= Cam' Ye by Atholl =

Scottish folk song

"Cam' Ye by Atholl" is a Scottish Jacobite folk song. The words were written by James Hogg and it is traditionally sung to a tune by Neil Gow, Junior, the son of Nathaniel Gow. The song, which celebrates the Jacobite rising of 1745, takes the form of a "gathering song" to recruit Jacobites and makes reference to many of the places and people associated with the rebellion.

Hogg wrote in "Songs, by the Ettrick shepherd" (1831) that he was surprised it had become so popular; he had "dashed down the words at random" after being given the tune by Gow and considered it "one of his worst".

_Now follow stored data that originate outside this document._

text \<open>The antitone case follows from the monotone one by the reflection \<open>x \<mapsto> -x\<close>.\<close>

lemma nn_integral_substitution_einterval_antimono:
  fixes g g' :: "real \<Rightarrow> real" and F :: "real \<Rightarrow> ennreal" and a b :: ereal
  assumes F [measurable]: "F \<in> borel_measurable borel" and "a < b"
    and deriv: "\<And>x. x \<in> einterval a b \<Longrightarrow> (g has_real_derivative g' x) (at x)"
    and cont: "continuous_on (einterval a b) g'"
    and nonpos: "\<And>x. x \<in> einterval a b \<Longrightarrow> g' x \<le> 0"
  shows "(\<integral>\<^sup>+x. F x * indicator (g ` einterval a b) x \<partial>lborel)
       = (\<integral>\<^sup>+x. F (g x) * ennreal (- g' x) * indicator (einterval a b) x \<partial>lborel)"
proof -
  have reflect: "x \<in> einterval (- b) (- a) \<longleftrightarrow> - x \<in> einterval a b" for x
    using ereal_uminus_less_reorder[of b "ereal x"] ereal_less_uminus_reorder[of "ereal x" a]
    by (auto simp: einterval_iff)
  have "einterval (- b) (- a) = uminus ` einterval a b"
    using reflect by (force simp: image_iff)
  then have image: "g ` einterval a b = (\<lambda>y. g (- y)) ` einterval (- b) (- a)"
    by (auto simp: image_image)
  have "(\<integral>\<^sup>+x. F x * indicator (g ` einterval a b) x \<partial>lborel)
      = (\<integral>\<^sup>+x. F (g (- x)) * ennreal (- g' (- x)) * indicator (einterval (- b) (- a)) x \<partial>lborel)"
    unfolding image
  proof (rule nn_integral_substitution_einterval[OF F])
    show "- b < - a"
      using \<open>a < b\<close> by simp
    show "((\<lambda>y. g (- y)) has_real_derivative - g' (- x)) (at x)" if "x \<in> einterval (- b) (- a)" for x
    proof -
      have "((\<lambda>y. g (- y)) has_real_derivative g' (- x) * (- 1)) (at x)"
        using deriv[of "- x"] that reflect
        by (intro DERIV_chain'[where f=uminus]) (auto intro!: derivative_eq_intros)
      then show ?thesis
        by simp
    qed
    have "continuous_on (einterval (- b) (- a)) (g' \<circ> uminus)"
      using reflect by (intro continuous_on_compose continuous_intros continuous_on_subset[OF cont]) auto
    then show "continuous_on (einterval (- b) (- a)) (\<lambda>x. - g' (- x))"
      by (auto simp: o_def intro!: continuous_intros)
    show "0 \<le> - g' (- x)" if "x \<in> einterval (- b) (- a)" for x
      using nonpos[of "- x"] that reflect by auto
  qed
  also have "\<dots> = (\<integral>\<^sup>+x. F (g x) * ennreal (- g' x) * indicator (einterval a b) x \<partial>lborel)"
  proof -
    have "continuous_on (einterval a b) g"
      using deriv by (intro has_real_derivative_imp_continuous_on) auto
    then have "(\<lambda>x. F (g x) * ennreal (- g' x) * indicator (einterval a b) x) \<in> borel_measurable borel"
      using borel_measurable_continuous_on_comp_indicator[OF F borel_einterval _ continuous_on_minus[OF cont]]
      by simp
    from nn_integral_real_affine[OF this, of "- 1" 0] show ?thesis
      by (simp add: reflect indicator_def)
  qed
  finally show ?thesis .
qed

section \<open>Replacing \<open>b\<close> by the eigenvalue ratio\<close>

lemma chi_density_nonneg: "k > 0 \<Longrightarrow> chi_density k x \<ge> 0"
  unfolding chi_density_def by (auto intro!: divide_nonneg_pos)

lemma borel_measurable_chi_density [measurable]: "chi_density k \<in> borel_measurable borel"
  unfolding chi_density_def by measurable

lemma b_of_param_image:
  assumes "a > 0" and "c > 0"
  shows "b_of_param a c ` {c / a<..} = {0<..}"
proof (intro equalityI subsetI)
  fix y
  assume "y \<in> b_of_param a c ` {c / a<..}"
  then show "y \<in> {0<..}"
    using b_of_param_pos[OF assms] by auto
next
  fix y :: real
  assume "y \<in> {0<..}"
  then have y: "y > 0"
    by simp
  define w where "w = a^2 - c^2 - y^2"
  define t where "t = (- w + sqrt (w^2 + 4 * a^2 * c^2)) / (2 * a * c)"
  have "sqrt (w^2 + 4 * a^2 * c^2) > sqrt (w^2)"
    using assms by (intro real_sqrt_less_mono) auto
  then have t: "t > 0"
    unfolding t_def using assms by (intro divide_pos_pos) auto
  have "a * c * t^2 + w * t - a * c = 0"
    unfolding t_def using assms by (simp add: field_simps power2_eq_square)
  then have y2: "(a - c / t) * (a + c * t) = y^2"
    using t unfolding w_def by (simp add: field_simps power2_eq_square)
  have "a + c * t > 0"
    using assms t by (simp add: add_pos_pos)
  then have "a - c / t > 0"
    using y2 y by (smt (verit) mult_le_0_iff zero_less_power)
  then have "t > c / a"
    using t assms by (simp add: field_simps)
  moreover have "b_of_param a c t = y"
    unfolding b_of_param_def y2 using y by simp
  ultimately show "y \<in> b_of_param a c ` {c / a<..}"
    by force
qed
text \<open>
  Part (1) is Chevalley's theorem: the stabiliser in \<open>W\<^sub>K\<close> of a point \<open>b\<close> of the closed chamber
  \<open>C\<^sub>K\<close> is generated by the simple reflections fixing \<open>b\<close>. It applies to the barycentre of \<open>F\<close>
  because \<open>W\<close> permutes the faces of \<open>P\<close> and the barycentre lies in the relative interior of
  \<open>F\<close>, so \<open>w\<close> fixes \<open>F\<close> iff it fixes its barycentre.

  For (2), write \<open>F = P \<inter> {y. a \<bullet> y = h}\<close> with \<open>a \<bullet> y \<le> h\<close> on \<open>P\<close> and pick a vertex \<open>x\<close> of
  the face \<open>s F \<inter> F\<close>. Non-degeneracy makes \<open>x\<close> regular, i.e. orthogonal to no root. Both
  \<open>a\<close> and \<open>s a\<close> maximise \<open>y \<mapsto> y \<bullet> x\<close> on the \<open>W\<^sub>K\<close>-orbit of \<open>a\<close>; after moving \<open>x\<close> and \<open>a\<close>
  into \<open>C\<^sub>K\<close> the dominance order shows that this maximiser is unique, so \<open>s a = a\<close> and
  \<open>s F = F\<close>.
\<close>

section \<open>Groups generated by reflections\<close>

(* Since x / 0 = 0, refl 0 is the identity; so none of the facts below needs a \<noteq> 0. *)
lemma refl_zero [simp]: "refl 0 = id"
  by (simp add: refl_def fun_eq_iff)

Cam' Ye by Atholl was chosen by Queen Victoria to be performed for her by John Wilson during her visit to Taymouth Castle in 1842.

Recordings of the song have been included in albums by The Corries ("Those Wild Corries", 1966), The Tannahill Weavers ("Are Ye Sleeping Maggie", 1976), Kenneth McKellar ("Songs of Jacobite Risings", 1996), Gaberlunzie ("Superstition", 2005) and Alastair McDonald ("Songs Around Scotland", 2007).

It is listed in the Roud Folk Song Index as #7287, including variants titled as "I hae ae bit son".

==Lyrics==
Cam' ye by Athol, lad wi' the philabeg,
Down by the Tummel, or banks of the Garry?
Saw ye the lads, wi' their bonnets an' white cockades,
Down from their mountains to follow Prince Charlie.

(Chorus)
Follow ye, follow ye, wha wadna follow ye?
Lang have you lov'd us an' trusted us fairly!
Charlie, Charlie, wha wadna follow thee?
King o' the Highland hearts, Bonnie Prince Charlie!

I hae but ae son, my gallant young Donald;
But if I had ten, they should follow Glengarry;
Health to MacDonald and gallant Clanranald,
For these are the men that will die for their Charlie!

(Chorus)

I'll go to Lochiel, and Appin, and kneel to them;
Down by Lord Murray and Roy of Kildarlie;
Brave Mackintosh, he shall fly to the field wi' them;
These are the lads I can trust wi' my Charlie!

(Chorus)

Down by thro' the Lowlands, down wi' the whigamore,
 Loyal true Highlanders, down wi' them rarely;
Ronald and Donald drive on wi' the braid claymore,
Over the necks o' the foes o' Prince Charlie!